Saturday, 13 December 2014

New publication reports that a lack of safe water, sanitation and hygiene in birth settings is killing mothers and newborns in the developing world.

NurseLondon School of Hygiene & Tropical Medicine and WaterAid today join the World Health Organization, UNICEF, UNFPA, SHARE Research Consortium and other organisations in a call to protect the lives of new mothers and their babies, by improving access to safe water, basic sanitation and hygiene in healthcare facilities and homes.

A paper published in PLOS Medicine argues that despite improvements in health care, new mothers and newborns are still dying because a reliable supply of safe water, good hygiene practice and adequate toilets are often not present.

A companion paper in PLOS ONE illustrates the situation in Tanzania, where less than a third (30.5%) of births occur in places with safe water and basic sanitation. In 2013, one in 44 women in the country faced dying in childbirth in their lifetime.

Women face a similar level of risk in many developing countries. Globally, an estimated 289,000 women died from complications related to pregnancy or childbirth in 2013, a number which researchers say can be more rapidly reduced through better provision and monitoring of safe water, basic sanitation and hygiene to prevent infection and improve care.

Some 38% of healthcare facilities in 54 low-income countries are without an improved water source, according to a forthcoming survey [1], leaving doctors, nurses and midwives struggling to care for their patients.

Sixteen researchers representing the London School of Hygiene & Tropical Medicine, WaterAid, World Health Organization, UNICEF, the United Nations Population Fund, the University of Aberdeen and The SoapBox Collaboration, BRAC and BRAC University, and Evidence for Action authored the flagship paper, From joint thinking to joint action: A call to action on improving water, sanitation and hygiene for maternal and newborn health.’

The research was funded by the Sanitation and Hygiene Applied Research for Equity (SHARE) Consortium, a five-year initiative funded by the UK Department for International Development and based at the London School of Hygiene & Tropical Medicine.

Lenka Benova of the London School of Hygiene & Tropical Medicine, lead author of the companion paper on Tanzania, said: “Nearly 8,000 women in Tanzania die each year in or immediately after childbirth. Sepsis from infection causes at least 10% of these deaths. Nearly half of women, and disproportionately the country’s poorest, are giving birth at home, and almost none of these homes have clean water and basic sanitation. But women cannot be expected to go to a health facility to deliver if it is dirty.

“This situation is not limited to Tanzania. What is frustrating is we know infection-related deaths are preventable, with the addition of clean water, basic toilets and good hygiene practice. Our hope is these findings will guide future work on UN development goals and make the provision of these services a priority, when trying to improve the health of new mothers and their babies.”

Yael Velleman, senior policy analyst, sanitation and health, at WaterAid, said: “We have known since Victorian times about the importance of clean water and good hygiene in birth.
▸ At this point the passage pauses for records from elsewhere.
lemma absorbing_non_unit:
  assumes y0: "y0 \<in> carrier R" and nonzero: "\<zero> \<otimes> y0 \<noteq> \<zero>"
  shows "\<zero> \<otimes> y0 \<in> L" "\<zero> \<otimes> y0 \<notin> D" "\<And>x. x \<in> carrier R \<Longrightarrow> x \<otimes> (\<zero> \<otimes> y0) = \<zero> \<otimes> y0"
proof -
  show fixed: "x \<otimes> (\<zero> \<otimes> y0) = \<zero> \<otimes> y0" if "x \<in> carrier R" for x
    using that y0 by (simp add: m_assoc[symmetric])
  show "\<zero> \<otimes> y0 \<in> L"
    using non_units_mult[OF zero_non_unit y0] .
  show "\<zero> \<otimes> y0 \<notin> D"
    using non_unit_mult_derived[OF zero_non_unit] fixed[of \<zero>] nonzero by auto
qed

lemma derived_mult_closed_if_zero_symmetric:
  assumes zero_symmetric: "\<And>y. y \<in> carrier R \<Longrightarrow> \<zero> \<otimes> y = \<zero>"
    and c: "c \<in> D" and y: "y \<in> carrier R"
  shows "c \<otimes> y \<in> D"
proof (rule ccontr)
  let ?w = "c \<otimes> y"
  assume w: "?w \<notin> D"
  have cc: "c \<in> carrier R" and cL: "c \<in> L"
    using derived_closed[OF c] derived_in_non_units[OF c] .
  have wL: "?w \<in> L"
    using non_units_mult[OF cL y] .
  have "c \<otimes> ?w = (c \<otimes> c) \<otimes> y"
    using cc y by (simp add: m_assoc)
  then have cw: "c \<otimes> ?w = \<zero>"
    using non_unit_mult_derived[OF cL c] zero_symmetric[OF y] by simp
  have cL_zero: "c \<otimes> l = \<zero>" if l: "l \<in> L" for l
  proof -
    obtain m k where k: "k \<in> D" and l_eq: "l = m \<cdot>\<^sub>\<nat> ?w \<oplus> k"
      using non_units_decomp[OF wL w l] by blast
    then show ?thesis
      using cc y cw non_unit_mult_derived[OF cL k] derived_closed[OF k]
      by (simp add: distrib_left mult_nat_mult)
  qed
  obtain a l where l: "l \<in> L" and y_eq: "y = a \<cdot>\<^sub>\<nat> \<one> \<oplus> l"
    using carrier_decomp[OF y] by blast
  have "?w = a \<cdot>\<^sub>\<nat> c"
    using cc l cL_zero[OF l] by (simp add: y_eq mult_nat_mult_one_add)
  then show False
    using w add.subgroup_nat_pow_closed[OF derived_subgroup c] by simp
qed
Yet today tens of thousands of mothers will be giving birth in places where doctors and midwives, if present, do not have access to clean water. The process of giving life should not mean unduly risking death.
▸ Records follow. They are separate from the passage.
lemma (in normal) FactGroup_hom_induced:
  assumes f: "f \<in> hom G M" and M: "group M" and ker: "H \<subseteq> kernel G M f"
  obtains g where "g \<in> hom (G Mod H) M" and "\<And>x. x \<in> carrier G \<Longrightarrow> g (H #> x) = f x"
proof -
  interpret f: group_hom G M f
    using f M is_group by (simp add: group_hom_def group_hom_axioms_def)
  define g where "g U = the_elem (f ` U)" for U
  have g: "g (H #> x) = f x" if x: "x \<in> carrier G" for x
  proof -
    have "f (k \<otimes> x) = f x" if "k \<in> H" for k
      using ker that x subset by (auto simp: kernel_def)
    then have "f ` (H #> x) = {f x}"
      unfolding r_coset_def using one_closed x by force
    then show ?thesis by (simp add: g_def)
  qed
  have "g \<in> hom (G Mod H) M"
  proof (rule homI)
    fix U assume "U \<in> carrier (G Mod H)"
    then obtain x where "x \<in> carrier G" and "U = H #> x" by (auto simp: carrier_FactGroup)
    then show "g U \<in> carrier M" using g by simp
  next
    fix U V assume "U \<in> carrier (G Mod H)" and "V \<in> carrier (G Mod H)"
    then obtain x y where x: "x \<in> carrier G" "U = H #> x" and y: "y \<in> carrier G" "V = H #> y"
      by (auto simp: carrier_FactGroup)
    then have "U \<otimes>\<^bsub>G Mod H\<^esub> V = H #> (x \<otimes> y)" by (simp add: rcos_sum)
    then show "g (U \<otimes>\<^bsub>G Mod H\<^esub> V) = g U \<otimes>\<^bsub>M\<^esub> g V" using x y g by simp
  qed
  then show ?thesis using that g by blast
qed

lemma (in group) normal_generate_if_subset_center:
  assumes "S \<subseteq> center G"
  shows "generate G S \<lhd> G"
proof (rule normal_if_subset_center)
  show "subgroup (generate G S) G"
    using assms center_closed by (intro generate_is_subgroup) blast
  show "generate G S \<subseteq> center G"
    using assms by (rule generate_subgroup_incl[OF _ subgroup_center])
qed

lemma (in normal) group_hom_rcos: "group_hom G (G Mod H) (\<lambda>x. H #> x)"
  using r_coset_hom_Mod factorgroup_is_group is_group by (simp add: group_hom_def group_hom_axioms_def)

lemma (in normal) nilpotent_class_le_FactGroup:
  "nilpotent_class_le G c \<Longrightarrow> nilpotent_class_le (G Mod H) c"
  by (rule group_hom.nilpotent_class_le_image[OF group_hom_rcos]) (simp add: carrier_FactGroup)

lemma (in normal) generate_FactGroup:
  assumes "S \<subseteq> carrier G" and "generate G S = carrier G"
  shows "generate (G Mod H) ((\<lambda>x. H #> x) ` S) = carrier (G Mod H)"
  using group_hom.generate_img[OF group_hom_rcos assms(1)] assms(2) by (simp add: carrier_FactGroup)

lemma (in normal) rcos_nat_pow_eq_one:
  assumes "x \<in> carrier G" and "x [^] (n::nat) \<in> H"
  shows "(H #> x) [^]\<^bsub>G Mod H\<^esub> n = \<one>\<^bsub>G Mod H\<^esub>"
  using group_hom.hom_nat_pow[OF group_hom_rcos assms(1), of n] assms rcos_const by simp

section \<open>Collected words in groups of class at most three\<close>

locale class3_nilpotent_group = group +
  assumes comm_comm_in_center:
    "x \<in> carrier G \<Longrightarrow> y \<in> carrier G \<Longrightarrow> z \<in> carrier G \<Longrightarrow> comm G (comm G x y) z \<in> center G"

lemma (in group) class3_nilpotent_groupI:
  assumes "nilpotent_class_le G 3"
  shows "class3_nilpotent_group G"
proof
  fix x y z assume xyz: "x \<in> carrier G" "y \<in> carrier G" "z \<in> carrier G"
  let ?k = "comm G (comm G x y) z"
  have "comm G x y \<in> lcs G (Suc (Suc 0))" using xyz by (intro comm_in_lcs_Suc) simp_all
  then have k: "?k \<in> lcs G (Suc (Suc (Suc 0)))" by (rule comm_in_lcs_Suc[OF _ xyz(3)])
  have "?k \<otimes> g = g \<otimes> ?k" if g: "g \<in> carrier G" for g
  proof -
    have "comm G ?k g \<in> lcs G (Suc (Suc (Suc (Suc 0))))" using k g by (rule comm_in_lcs_Suc)
    then have "comm G ?k g = \<one>" using assms by (auto simp only: nilpotent_class_le_3_iff)
    then show ?thesis using xyz g by (simp add: comm_eq_iff)
  qed
  then show "?k \<in> center G" using xyz by (intro centerI) simp_all
qed

context class3_nilpotent_group
begin

lemma comm_comm_pow_in_center:
  "x \<in> carrier G \<Longrightarrow> y \<in> carrier G \<Longrightarrow> z \<in> carrier G \<Longrightarrow> comm G (comm G x y) z [^] (k::int) \<in> center G"
  by (rule subgroup_int_pow_closed[OF subgroup_center comm_comm_in_center])

lemma conj_comm_pow:
  assumes x: "x \<in> carrier G" and y: "y \<in> carrier G"
  shows "inv y \<otimes> (comm G x y [^] (s::int) \<otimes> comm G (comm G x y) y [^] (k::int)) \<otimes> y
    = comm G x y [^] s \<otimes> comm G (comm G x y) y [^] (s + k)"
proof -
  define c where "c = comm G x y"
  define e where "e = comm G c y"
  have c: "c \<in> carrier G" and e: "e \<in> carrier G" using x y by (simp_all add: c_def e_def)
  have e_center: "e [^] (k::int) \<in> center G" for k
    unfolding e_def c_def using x y y by (rule comm_comm_pow_in_center)
  have c_conj: "inv y \<otimes> c [^] s \<otimes> y = c [^] s \<otimes> e [^] s"
    using int_pow_mult_swap[OF c y, of s] c y
    by (simp add: e_def m_assoc comm_comm_in_center c_def x)
  have e_conj: "inv y \<otimes> e [^] k \<otimes> y = e [^] k"
    using center_commute[OF e_center y] y e by (simp add: m_assoc)
  have "inv y \<otimes> (c [^] s \<otimes> e [^] k) \<otimes> y = (inv y \<otimes> c [^] s \<otimes> y) \<otimes> (inv y \<otimes> e [^] k \<otimes> y)"
    using c e y by (simp add: m_assoc)
  also have "\<dots> = c [^] s \<otimes> e [^] (s + k)"
    unfolding c_conj e_conj using c e by (simp add: m_assoc int_pow_mult)
  finally show ?thesis unfolding c_def e_def .
qed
“Health agencies and governments have encouraged women to give birth in hospitals and clinics to give them a better chance of surviving complications. But if those environments are dirty, without safe water, basic toilets and a way to keep patients, beds and instruments clean, women are reluctant to seek them out for fear of exposing themselves and their babies to deadly infection.

“As governments work to help women and their babies survive childbirth, they must not neglect these basic building blocks of health care. In coming months, there is a chance to address these desperate needs in new Sustainable Development Goals now under discussion at the UN.”

About the UN Millennium Development Goals:

[1] ‘A recent World Health Organization rapid assessment of WASH coverage in health facilities in 54 low-income countries found that 38% of these facilities lacked a readily available improved water source,’ PLOS Medicine, ‘From Joint Thinking to Joint Action’ p 2, cited from WHO Landscape report on the status of water, sanitation and hygiene and environmental conditions in healthcare facilities, to be published early 2015.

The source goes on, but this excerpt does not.